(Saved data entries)
=== Section Start ===
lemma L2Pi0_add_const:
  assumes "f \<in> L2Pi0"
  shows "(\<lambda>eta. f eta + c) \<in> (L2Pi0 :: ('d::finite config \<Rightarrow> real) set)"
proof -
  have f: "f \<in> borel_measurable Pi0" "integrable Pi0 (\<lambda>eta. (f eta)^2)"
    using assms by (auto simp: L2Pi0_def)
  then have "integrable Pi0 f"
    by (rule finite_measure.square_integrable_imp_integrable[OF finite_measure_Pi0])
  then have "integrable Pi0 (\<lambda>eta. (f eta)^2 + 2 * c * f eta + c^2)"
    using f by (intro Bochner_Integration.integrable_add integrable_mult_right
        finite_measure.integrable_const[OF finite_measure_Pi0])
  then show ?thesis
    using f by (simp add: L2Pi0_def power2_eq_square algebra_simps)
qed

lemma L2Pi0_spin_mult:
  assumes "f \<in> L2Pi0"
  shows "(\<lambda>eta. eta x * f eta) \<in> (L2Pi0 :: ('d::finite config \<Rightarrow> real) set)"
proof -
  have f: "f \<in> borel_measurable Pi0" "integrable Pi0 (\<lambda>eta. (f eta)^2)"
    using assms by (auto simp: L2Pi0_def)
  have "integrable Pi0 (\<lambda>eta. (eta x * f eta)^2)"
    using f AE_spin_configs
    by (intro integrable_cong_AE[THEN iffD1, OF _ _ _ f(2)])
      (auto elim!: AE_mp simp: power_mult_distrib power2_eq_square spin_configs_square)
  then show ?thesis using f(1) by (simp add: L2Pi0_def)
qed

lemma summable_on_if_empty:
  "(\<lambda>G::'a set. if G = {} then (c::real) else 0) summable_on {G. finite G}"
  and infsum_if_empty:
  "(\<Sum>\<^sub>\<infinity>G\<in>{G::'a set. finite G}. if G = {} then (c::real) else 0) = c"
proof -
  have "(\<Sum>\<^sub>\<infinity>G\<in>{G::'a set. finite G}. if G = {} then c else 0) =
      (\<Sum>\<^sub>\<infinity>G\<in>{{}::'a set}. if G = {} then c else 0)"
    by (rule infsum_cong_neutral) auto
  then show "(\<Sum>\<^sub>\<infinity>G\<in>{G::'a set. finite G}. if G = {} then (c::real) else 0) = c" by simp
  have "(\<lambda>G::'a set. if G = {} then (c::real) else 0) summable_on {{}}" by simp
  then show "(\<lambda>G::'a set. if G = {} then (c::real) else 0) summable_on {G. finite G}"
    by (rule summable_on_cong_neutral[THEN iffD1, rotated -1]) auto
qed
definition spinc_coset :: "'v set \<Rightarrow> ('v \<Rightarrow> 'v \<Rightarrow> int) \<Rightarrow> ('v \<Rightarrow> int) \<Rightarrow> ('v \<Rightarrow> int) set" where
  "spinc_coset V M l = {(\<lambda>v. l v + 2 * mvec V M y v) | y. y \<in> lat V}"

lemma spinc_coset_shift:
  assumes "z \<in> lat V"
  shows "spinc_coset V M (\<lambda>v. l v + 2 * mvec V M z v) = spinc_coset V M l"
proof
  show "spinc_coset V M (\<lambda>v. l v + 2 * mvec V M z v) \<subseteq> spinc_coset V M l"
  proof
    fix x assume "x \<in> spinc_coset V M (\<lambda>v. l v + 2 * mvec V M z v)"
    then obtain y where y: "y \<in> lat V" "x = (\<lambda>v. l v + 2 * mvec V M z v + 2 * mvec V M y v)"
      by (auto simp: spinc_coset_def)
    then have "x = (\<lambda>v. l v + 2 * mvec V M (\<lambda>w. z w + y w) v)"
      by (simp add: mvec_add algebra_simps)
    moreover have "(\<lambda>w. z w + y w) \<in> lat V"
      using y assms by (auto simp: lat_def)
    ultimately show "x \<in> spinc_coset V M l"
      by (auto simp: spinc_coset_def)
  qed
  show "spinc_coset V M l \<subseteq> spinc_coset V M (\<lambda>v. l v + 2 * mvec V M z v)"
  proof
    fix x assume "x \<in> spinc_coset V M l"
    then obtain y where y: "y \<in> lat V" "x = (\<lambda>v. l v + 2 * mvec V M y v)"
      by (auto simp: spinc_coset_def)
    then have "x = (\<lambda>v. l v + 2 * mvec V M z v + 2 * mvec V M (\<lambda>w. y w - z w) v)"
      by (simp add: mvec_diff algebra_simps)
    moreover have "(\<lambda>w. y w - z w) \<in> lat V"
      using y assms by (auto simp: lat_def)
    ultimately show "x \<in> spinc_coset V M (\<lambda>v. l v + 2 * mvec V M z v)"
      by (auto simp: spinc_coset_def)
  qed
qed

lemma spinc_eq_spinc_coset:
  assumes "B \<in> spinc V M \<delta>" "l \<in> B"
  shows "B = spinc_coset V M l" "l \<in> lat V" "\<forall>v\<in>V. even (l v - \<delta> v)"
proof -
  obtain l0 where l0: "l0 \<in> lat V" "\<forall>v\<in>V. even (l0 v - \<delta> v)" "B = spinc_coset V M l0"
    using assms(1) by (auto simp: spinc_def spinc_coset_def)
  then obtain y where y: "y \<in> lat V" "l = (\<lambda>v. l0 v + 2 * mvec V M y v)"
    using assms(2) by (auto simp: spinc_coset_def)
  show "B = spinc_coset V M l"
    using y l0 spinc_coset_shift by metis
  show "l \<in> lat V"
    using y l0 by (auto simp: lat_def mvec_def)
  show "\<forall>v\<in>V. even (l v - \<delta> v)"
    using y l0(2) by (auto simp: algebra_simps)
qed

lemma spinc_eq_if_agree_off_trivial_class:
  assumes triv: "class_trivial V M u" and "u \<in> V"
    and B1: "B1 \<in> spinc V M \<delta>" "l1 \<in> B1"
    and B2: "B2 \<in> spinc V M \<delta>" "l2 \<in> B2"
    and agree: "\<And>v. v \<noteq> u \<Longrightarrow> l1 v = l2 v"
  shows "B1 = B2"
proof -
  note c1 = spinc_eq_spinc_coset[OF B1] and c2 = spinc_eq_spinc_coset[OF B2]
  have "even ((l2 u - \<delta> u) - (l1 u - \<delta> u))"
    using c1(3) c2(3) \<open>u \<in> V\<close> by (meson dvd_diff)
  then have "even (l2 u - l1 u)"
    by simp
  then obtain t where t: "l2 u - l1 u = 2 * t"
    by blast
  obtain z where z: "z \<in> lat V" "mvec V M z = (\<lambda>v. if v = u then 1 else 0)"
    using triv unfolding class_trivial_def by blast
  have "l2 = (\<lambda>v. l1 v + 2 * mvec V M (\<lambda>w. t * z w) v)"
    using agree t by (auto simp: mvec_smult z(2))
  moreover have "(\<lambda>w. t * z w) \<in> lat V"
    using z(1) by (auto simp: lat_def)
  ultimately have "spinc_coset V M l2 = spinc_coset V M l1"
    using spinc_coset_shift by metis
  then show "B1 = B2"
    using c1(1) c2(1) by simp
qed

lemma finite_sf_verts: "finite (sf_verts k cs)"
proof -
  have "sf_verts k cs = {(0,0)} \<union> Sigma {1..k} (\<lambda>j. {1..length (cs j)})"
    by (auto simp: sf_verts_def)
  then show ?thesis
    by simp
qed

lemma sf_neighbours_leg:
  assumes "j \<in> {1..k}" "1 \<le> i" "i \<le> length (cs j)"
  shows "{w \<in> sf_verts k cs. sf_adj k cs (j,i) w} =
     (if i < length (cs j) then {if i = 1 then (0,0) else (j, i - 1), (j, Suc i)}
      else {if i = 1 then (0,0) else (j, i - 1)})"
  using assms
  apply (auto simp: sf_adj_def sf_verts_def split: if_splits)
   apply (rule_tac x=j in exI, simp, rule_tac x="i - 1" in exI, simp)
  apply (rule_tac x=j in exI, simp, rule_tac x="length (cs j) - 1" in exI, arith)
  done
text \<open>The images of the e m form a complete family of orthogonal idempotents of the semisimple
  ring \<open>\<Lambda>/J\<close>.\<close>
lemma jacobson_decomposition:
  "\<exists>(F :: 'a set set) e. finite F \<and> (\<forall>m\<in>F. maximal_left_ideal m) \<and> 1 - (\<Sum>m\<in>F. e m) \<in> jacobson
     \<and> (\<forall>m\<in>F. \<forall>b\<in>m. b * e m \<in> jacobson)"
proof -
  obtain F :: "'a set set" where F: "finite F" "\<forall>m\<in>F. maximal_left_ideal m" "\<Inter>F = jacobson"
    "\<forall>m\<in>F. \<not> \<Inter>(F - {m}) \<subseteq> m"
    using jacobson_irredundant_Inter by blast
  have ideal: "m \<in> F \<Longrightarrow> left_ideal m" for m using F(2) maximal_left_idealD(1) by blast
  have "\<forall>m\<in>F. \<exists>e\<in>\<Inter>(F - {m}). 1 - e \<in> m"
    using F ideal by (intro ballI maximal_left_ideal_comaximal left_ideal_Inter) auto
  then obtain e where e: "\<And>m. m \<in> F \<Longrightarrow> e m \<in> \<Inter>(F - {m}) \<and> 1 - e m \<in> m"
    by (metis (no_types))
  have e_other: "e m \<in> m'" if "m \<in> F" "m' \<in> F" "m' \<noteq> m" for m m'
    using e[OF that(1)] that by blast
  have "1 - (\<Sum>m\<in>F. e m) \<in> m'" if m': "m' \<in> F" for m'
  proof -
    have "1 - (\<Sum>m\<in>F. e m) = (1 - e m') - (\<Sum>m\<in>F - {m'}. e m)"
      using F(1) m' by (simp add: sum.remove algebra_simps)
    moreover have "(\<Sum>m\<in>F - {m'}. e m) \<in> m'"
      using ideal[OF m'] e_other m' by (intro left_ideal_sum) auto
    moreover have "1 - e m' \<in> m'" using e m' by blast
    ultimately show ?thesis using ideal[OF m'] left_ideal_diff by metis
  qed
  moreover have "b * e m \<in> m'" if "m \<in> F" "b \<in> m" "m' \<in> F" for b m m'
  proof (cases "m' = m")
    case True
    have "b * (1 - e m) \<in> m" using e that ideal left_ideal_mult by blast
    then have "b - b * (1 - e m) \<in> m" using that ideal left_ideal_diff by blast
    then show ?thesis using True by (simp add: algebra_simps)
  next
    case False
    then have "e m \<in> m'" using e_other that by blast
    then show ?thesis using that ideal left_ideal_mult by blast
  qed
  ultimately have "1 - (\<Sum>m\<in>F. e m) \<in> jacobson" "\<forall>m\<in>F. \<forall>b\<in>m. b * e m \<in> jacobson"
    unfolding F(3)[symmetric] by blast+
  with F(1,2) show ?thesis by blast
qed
=== Section End ===
> [What you are asked to do] Look over the entries above and tally the lines containing the string "lemma"; the answer is that total only.

> [Task answer] 9